Super expensive art attained as status symbols for people with too m

© Mary Rayme

Adele Bloch-Bauer, internet
Gustav Klimt's portrait of Adele Bloch-Bauer sells for a record $135 million dollars. What does this mean for the international art world?

You've heard of trophy houses? Those large mansions that the nouveau riche build on former farmlands that have been sold and subdivided? Trophy wives? Rich old magnates who marry younger former models as the ultimate feather in their cap?

Make way for Trophy art. This past Sunday, cosmetics magnate Ronald S. Lauder bought the Gustave Klimt painting of a portrait of Adele Bloch-Bauer, the wife of a Jewish sugar industrialist, for $135 million dollars.

Yes, this is a knockout of a painting in high Klimt Viennesse Style, it is a shimmering golden masterpiece. And yes, it has a sordid past.

Seized by the Nazis from Bloch-Bauer's uncle during World War Two, the famous Klimt portrait was among five other Klimt paintings that ended up at the Austrian Gallery of Art. This year all five Klimt paintings were awarded back to the niece of the original owner, Maria Altmann, 90, who resides in California.
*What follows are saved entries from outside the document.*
lemma two_vertex_tree_stable:
  assumes "x \<noteq> y" and partition: "B \<inter> C = {}" "B \<union> C = {1..n}"
    and "2 \<le> card B" "2 \<le> card C"
  shows "stable_tree n (two_vertex_tree B C x y)" "inner (two_vertex_tree B C x y) = {x, y}"
proof -
  let ?E = "two_vertex_tree B C x y"
  note finite = finite_partition_parts[OF partition(2)]
  have "B \<noteq> {}" "C \<noteq> {}" using assms by auto
  then have vertices: "\<Union>?E = Leaf ` {1..n} \<union> Inner ` {x, y}"
    unfolding two_vertex_tree_def partition(2)[symmetric] by auto
  have "card ?E = card B + card C + 1"
    unfolding two_vertex_tree_def using finite partition by (simp add: card_Un_disjoint)
  then have card_edges: "card ?E + 1 = n + card {x, y}"
    using card_partition[OF partition] \<open>x \<noteq> y\<close> by simp
  have reachable: "\<forall>z\<in>\<Union>?E. (Inner x, z) \<in> (adj ?E)\<^sup>*"
    unfolding vertices partition(2)[symmetric]
    by (auto simp: two_vertex_tree_def intro: rtrancl_adj_edge rtrancl_adj_edge_step)
  have incident: "{e \<in> ?E. Inner x \<in> e} = insert {Inner x, Inner y} (leaf_star x B)"
    "{e \<in> ?E. Inner y \<in> e} = insert {Inner x, Inner y} (leaf_star y C)"
    unfolding two_vertex_tree_def Collect_mem_insert_conj Collect_mem_Un_conj
    using \<open>x \<noteq> y\<close> by auto
  have "deg ?E (Inner x) \<ge> 3" "deg ?E (Inner y) \<ge> 3"
    unfolding deg_def incident using assms finite by simp_all
  moreover have "\<forall>i\<in>{1..n}. deg ?E (Leaf i) = 1"
    using partition
    unfolding deg_def two_vertex_tree_def Collect_mem_insert_conj Collect_mem_Un_conj
    by auto
  moreover have "finite ?E" "\<forall>e\<in>?E. card e = 2"
    using finite \<open>x \<noteq> y\<close> by (auto simp: two_vertex_tree_def mem_leaf_star)
  ultimately show "stable_tree n ?E" "inner ?E = {x, y}"
    using stable_treeI[OF _ _ reachable vertices _ card_edges] by auto
qed

lemma three_vertex_tree_stable:
  assumes distinct: "a \<noteq> b" "b \<noteq> c" "a \<noteq> c"
    and partition: "A \<inter> M = {}" "A \<inter> C = {}" "M \<inter> C = {}" "A \<union> M \<union> C = {1..n}"
    and "2 \<le> card A" "M \<noteq> {}" "2 \<le> card C"
  shows "stable_tree n (three_vertex_tree A M C a b c)"
    "inner (three_vertex_tree A M C a b c) = {a, b, c}"
proof -
  let ?E = "three_vertex_tree A M C a b c"
  have finite: "finite A" "finite M" "finite C"
    using finite_partition_parts[OF partition(4)] by auto
  have "A \<noteq> {}" "C \<noteq> {}" using assms by auto
  then have vertices: "\<Union>?E = Leaf ` {1..n} \<union> Inner ` {a, b, c}"
    unfolding three_vertex_tree_def partition(4)[symmetric] using \<open>M \<noteq> {}\<close> by auto
  have "card ?E = card A + card M + card C + 2"
    unfolding three_vertex_tree_def using finite partition distinct
    by (simp add: card_Un_disjoint doubleton_eq_iff Int_Un_distrib2)
  moreover have "card A + card M + card C = n"
    using card_partition[OF _ partition(4)] partition finite by (simp add: card_Un_disjoint Int_Un_distrib2)
  ultimately have card_edges: "card ?E + 1 = n + card {a, b, c}"
    using distinct by simp
  have to_b: "(Inner a, Inner b) \<in> (adj ?E)\<^sup>*"
    by (rule rtrancl_adj_edge) (simp add: three_vertex_tree_def)
  have to_c: "(Inner a, Inner c) \<in> (adj ?E)\<^sup>*"
    by (rule rtrancl_adj_edge_step[OF to_b]) (simp add: three_vertex_tree_def)
  have stars: "leaf_star a A \<subseteq> ?E" "leaf_star b M \<subseteq> ?E" "leaf_star c C \<subseteq> ?E"
    by (auto simp: three_vertex_tree_def)
  have "(Inner a, Leaf i) \<in> (adj ?E)\<^sup>*" if "i \<in> A \<union> M \<union> C" for i
    using that rtrancl_adj_leaf_star[OF rtrancl_refl stars(1)]
      rtrancl_adj_leaf_star[OF to_b stars(2)] rtrancl_adj_leaf_star[OF to_c stars(3)]
    by blast
  then have reachable: "\<forall>z\<in>\<Union>?E. (Inner a, z) \<in> (adj ?E)\<^sup>*"
    unfolding vertices partition(4)[symmetric] using to_b to_c by auto
  have incident: "{e \<in> ?E. Inner a \<in> e} = insert {Inner a, Inner b} (leaf_star a A)"
    "{e \<in> ?E. Inner b \<in> e} = {{Inner a, Inner b}, {Inner b, Inner c}} \<union> leaf_star b M"
    "{e \<in> ?E. Inner c \<in> e} = insert {Inner b, Inner c} (leaf_star c C)"
    unfolding three_vertex_tree_def Collect_mem_insert_conj Collect_mem_Un_conj
    using distinct by auto
  have "deg ?E (Inner a) \<ge> 3" "deg ?E (Inner c) \<ge> 3"
    unfolding deg_def incident using assms finite by simp_all
  moreover have "deg ?E (Inner b) \<ge> 3"
    unfolding deg_def incident using distinct finite \<open>M \<noteq> {}\<close>
    by (simp add: card_Un_disjoint doubleton_eq_iff Suc_leI card_gt_0_iff)
  moreover have "\<forall>i\<in>{1..n}. deg ?E (Leaf i) = 1"
    using partition
    unfolding deg_def three_vertex_tree_def Collect_mem_insert_conj Collect_mem_Un_conj
    by auto
  moreover have "finite ?E" "\<forall>e\<in>?E. card e = 2"
    using finite distinct by (auto simp: three_vertex_tree_def mem_leaf_star)
  ultimately show "stable_tree n ?E" "inner ?E = {a, b, c}"
    using stable_treeI[OF _ _ reachable vertices _ card_edges] by auto
qed

lemma two_vertex_tree_leaf_neighbours:
  assumes "x \<noteq> y" "B \<inter> C = {}"
  shows "{i. {Leaf i, Inner x} \<in> two_vertex_tree B C x y} = B"
  unfolding two_vertex_tree_def using assms by (auto simp: mem_leaf_star doubleton_eq_iff)

lemma two_vertex_tree_swap: "two_vertex_tree B C x y = two_vertex_tree C B y x"
  unfolding two_vertex_tree_def by (auto simp: insert_commute)

lemma deg_Inner_le_two_inner:
  assumes "finite E" "\<forall>e\<in>E. card e = 2" "inner E \<subseteq> {v, w}"
  shows "deg E (Inner v) \<le> card {i. {Leaf i, Inner v} \<in> E} + card ({{Inner v, Inner w}} \<inter> E)"
proof -
  let ?B = "{i. {Leaf i, Inner v} \<in> E}"
  have "{e \<in> E. Inner v \<in> e} \<subseteq> leaf_star v ?B \<union> ({{Inner v, Inner w}} \<inter> E)"
  proof
    fix e assume e: "e \<in> {e \<in> E. Inner v \<in> e}"
    have "card e = 2" "Inner v \<in> e" using e assms(2) by auto
    then obtain z where z: "e = {Inner v, z}" "z \<noteq> Inner v"
      by (auto simp: card_2_iff doubleton_eq_iff)
    show "e \<in> leaf_star v ?B \<union> ({{Inner v, Inner w}} \<inter> E)"
    proof (cases z)
      case (Leaf i)
      then show ?thesis using e z by (auto simp: insert_commute)
    next
      case (Inner u)
      then have "u \<in> inner E" using e z unfolding inner_def by auto
      then show ?thesis using assms(3) e z Inner by auto
    qed
  qed
  moreover have "leaf_star v ?B \<subseteq> E"
    by (auto simp: mem_leaf_star)
  ultimately have "deg E (Inner v) \<le> card (leaf_star v ?B \<union> ({{Inner v, Inner w}} \<inter> E))"
    unfolding deg_def using assms(1) by (intro card_mono) (auto intro: finite_subset)
  also have "\<dots> \<le> card (leaf_star v ?B) + card ({{Inner v, Inner w}} \<inter> E)"
    by (rule card_Un_le)
  finally show ?thesis
    by simp
qed

lemma stable_tree_two_inner_obtain:
  assumes "stable_tree n E" "inner E = {v, w}" "v \<noteq> w"
  obtains B C where "E = two_vertex_tree B C v w" "B \<inter> C = {}" "B \<union> C = {1..n}"
    "2 \<le> card B" "2 \<le> card C"
proof -
  define Bv where "Bv = {i. {Leaf i, Inner v} \<in> E}"
  define Bw where "Bw = {i. {Leaf i, Inner w} \<in> E}"
  define k where "k = card ({{Inner v, Inner w}} \<inter> E)"
  note finite = stable_tree_finite[OF assms(1)]
  have leaves: "{i. Leaf i \<in> \<Union>E} = {1..n}" and leaf_deg: "\<forall>i\<in>{1..n}. deg E (Leaf i) = 1"
    and inner_deg: "\<forall>u\<in>inner E. 3 \<le> deg E (Inner u)"
    using assms(1) unfolding stable_tree_def by auto
  have subset: "Bv \<subseteq> {1..n}" "Bw \<subseteq> {1..n}"
    unfolding Bv_def Bw_def leaves[symmetric] by blast+
  have disjoint: "Bv \<inter> Bw = {}"
  proof (rule ccontr)
    assume "Bv \<inter> Bw \<noteq> {}"
    then obtain i where i: "i \<in> Bv" "i \<in> Bw" by auto
    then have "{{Leaf i, Inner v}, {Leaf i, Inner w}} \<subseteq> {e \<in> E. Leaf i \<in> e}"
      unfolding Bv_def Bw_def by auto
    then have "card {{Leaf i, Inner v}, {Leaf i, Inner w}} \<le> deg E (Leaf i)"
      unfolding deg_def using finite by (intro card_mono) auto
    then show False
      using leaf_deg i subset assms(3) by (auto simp: doubleton_eq_iff)
  qed
  txt \<open>The degrees of \<open>v\<close> and \<open>w\<close> add up to \<open>n + 2\<close>, but each is at most its number
    of leaf neighbours plus \<open>k \<le> 1\<close>; hence \<open>k = 1\<close> and every leaf hangs at \<open>v\<close> or \<open>w\<close>.\<close>
  have deg_v: "deg E (Inner v) \<le> card Bv + k"
    using deg_Inner_le_two_inner[OF finite(1,2)] assms(2) unfolding Bv_def k_def by simp
  have deg_w: "deg E (Inner w) \<le> card Bw + k"
    using deg_Inner_le_two_inner[OF finite(1,2), of w v] assms(2)
    unfolding Bw_def k_def by (simp add: insert_commute)
  have "deg E (Inner v) + deg E (Inner w) = n + 2"
    using stable_tree_inner_degree_sum[OF assms(1)] assms(2,3) by simp
  moreover have "card Bv + card Bw \<le> n"
    using subset disjoint card_mono[of "{1..n}" "Bv \<union> Bw"] finite_subset[OF subset(1)]
      finite_subset[OF subset(2)] by (simp add: card_Un_disjoint)
  moreover have "k \<le> 1"
    unfolding k_def by (simp add: card_le_Suc0_iff_eq)
  ultimately have "k = 1" and card_sum: "card Bv + card Bw = n"
    using deg_v deg_w by linarith+
  then have edge_vw: "{Inner v, Inner w} \<in> E"
    unfolding k_def by (cases "{Inner v, Inner w} \<in> E") auto
  have cover: "Bv \<union> Bw = {1..n}"
    using card_sum subset disjoint finite_subset[OF subset(1)] finite_subset[OF subset(2)]
    by (intro card_subset_eq) (auto simp: card_Un_disjoint)
  have card_B: "2 \<le> card Bv" "2 \<le> card Bw"
    using inner_deg deg_v deg_w assms(2) \<open>k = 1\<close> by auto
  note tree = two_vertex_tree_stable[OF assms(3) disjoint cover card_B]
  have "two_vertex_tree Bv Bw v w \<subseteq> E"
    using edge_vw unfolding two_vertex_tree_def Bv_def Bw_def by (auto simp: mem_leaf_star)
  moreover have "card (two_vertex_tree Bv Bw v w) = card E"
    using stable_tree_card_edges[OF tree(1)] stable_tree_card_edges[OF assms(1)] tree(2) assms(2)
    by simp
  ultimately have "E = two_vertex_tree Bv Bw v w"
    using finite(1) by (metis card_subset_eq)
  then show ?thesis
    using that disjoint cover card_B by blast
qed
This painting was the subject of a custody battle.

But $135 million? Many would scoff at the idea of a painting having such a high monetary value. After all, it is a thing made of canvas and paint that hangs on a wall. The painting can't even open a can or tell time. So why is this painting worth so much money?
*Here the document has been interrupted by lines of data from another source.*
(* Assume the semi-classical setting described in the context, with polynomials $W\not\equiv 0$, $V$, $U$ such that $W f' = 2Vf + U$. For $n\ge 1$ define the formal Laurent series (in powers of $z$, finitely many positive powers) $$\Theta_n = W\,(\varepsilon_n p_n' - \varepsilon_n' p_n) + 2V\varepsilon_n p_n,\qquad \Omega_n = a_n W\,(\varepsilon_{n-1}p_n' - \varepsilon_n' p_{n-1}) + a_n V\,(\varepsilon_{n-1}p_n + \varepsilon_n p_{n-1}).$$ Then $\Theta_n$ and $\Omega_n$ are polynomials in $z$ (all coefficients of negative powers of $z$ vanish), $\deg\Theta_n\le \max(\deg W-2,\deg V-1)$, and $\deg \Omega_n\le\max(\deg W-1,\deg V)$. Moreover, $\Theta_n = W\,[p_{n-1}^{(1)\prime}p_n - p_n' p_{n-1}^{(1)}] - 2V p_{n-1}^{(1)}p_n - U p_n^2$. If in addition $W(z)=\prod_{k=1}^m (z-x_k)$ with $m\ge 2$ and $2V(z) = W(z)\sum_{k=1}^m \alpha_k/(z-x_k)$, then $$\Theta_n(z) = \Big(2n+1+\sum_{k=1}^m\alpha_k\Big)z^{m-2} + (\text{lower powers}),\qquad \Omega_n(z) = \Big(n+\tfrac12\sum_{k=1}^m\alpha_k\Big)z^{m-1} + (\text{lower powers}).$$
   Context: Let $(\mu_k)_{k\ge 0}$ be complex numbers such that all Hankel determinants $\det(\mu_{i+j})_{0\le i,j\le n}$, $n\ge 0$, are nonzero. Let $\mathcal L$ be the linear functional on polynomials with $\mathcal L(x^k)=\mu_k$, and let $p_n(z)=\gamma_n z^n+\cdots$ ($\gamma_n\neq 0$) be the orthonormal polynomials: $\mathcal L(p_np_m)=\delta_{n,m}$. They satisfy $a_{n+1}p_{n+1}(z)=(z-b_n)p_n(z)-a_np_{n-1}(z)$ ($n\ge0$, $p_{-1}=0$) with $a_n=\gamma_{n-1}/\gamma_n$. Let $f(z)=\sum_{k\ge0}\mu_k z^{-k-1}$ (formal series in $1/z$). For $n\ge0$ let $p^{(1)}_{n-1}$ be the polynomial part of $f p_n$ and $\varepsilon_n = f p_n - p^{(1)}_{n-1}$, a formal series of the form $\gamma_n^{-1}z^{-n-1}+O(z^{-n-2})$. Primes denote $d/dz$. The setting is semi-classical if there are polynomials $W\not\equiv0$, $V$, $U$ with $Wf'=2Vf+U$ (as formal series). *)

theory Defs
  imports "HOL-Computational_Algebra.Polynomial" "HOL-Computational_Algebra.Formal_Laurent_Series"
          "Jordan_Normal_Form.Determinant"
begin

text \<open>Formal Laurent series in powers of z with finitely many positive powers are represented
  as formal Laurent series (type fls) in the variable X = 1/z: the coefficient of z^k is the
  fls coefficient at index -k.\<close>

definition zpoly :: "complex poly \<Rightarrow> complex fls" where
  "zpoly p = (\<Sum>k\<le>degree p. fls_const (coeff p k) * fls_X_intpow (- int k))"

text \<open>Derivative d/dz; since X = 1/z this is -X^2 d/dX.\<close>
definition zderiv :: "complex fls \<Rightarrow> complex fls" where
  "zderiv G = - (fls_X ^ 2 * fls_deriv G)"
First, who was Gustav Klimt? Only one of the most influential painters of his time in fin de siecle Vienna, and a leader of the art nouveau style. Klimt's figure/ground pattern play, his beautiful women, his languid dreamy world that is glittering gold with jewels of color. The next time you go to an art museum, go look for a Gustav Klimt if the museum you're going to is lucky enough to own one. These are spellbindingly beautiful, sad, and passionate paintings.

Perhaps the ultimate value of this artwork is that only one exists in all the world. The sale of the Klimt painting sets a new high mark in the world of fine art sales. Lauder has purchased this art masterpiece to share it with New York. The purchase of the painting is also great promotion for Lauder and his art museum in Manhattan, The Neue Galerie. But I think it also signals a new high in the market of art. This sale has raised the bar of the value of fine art and the price can only go up from there...right?

Get your trophy before they're gone.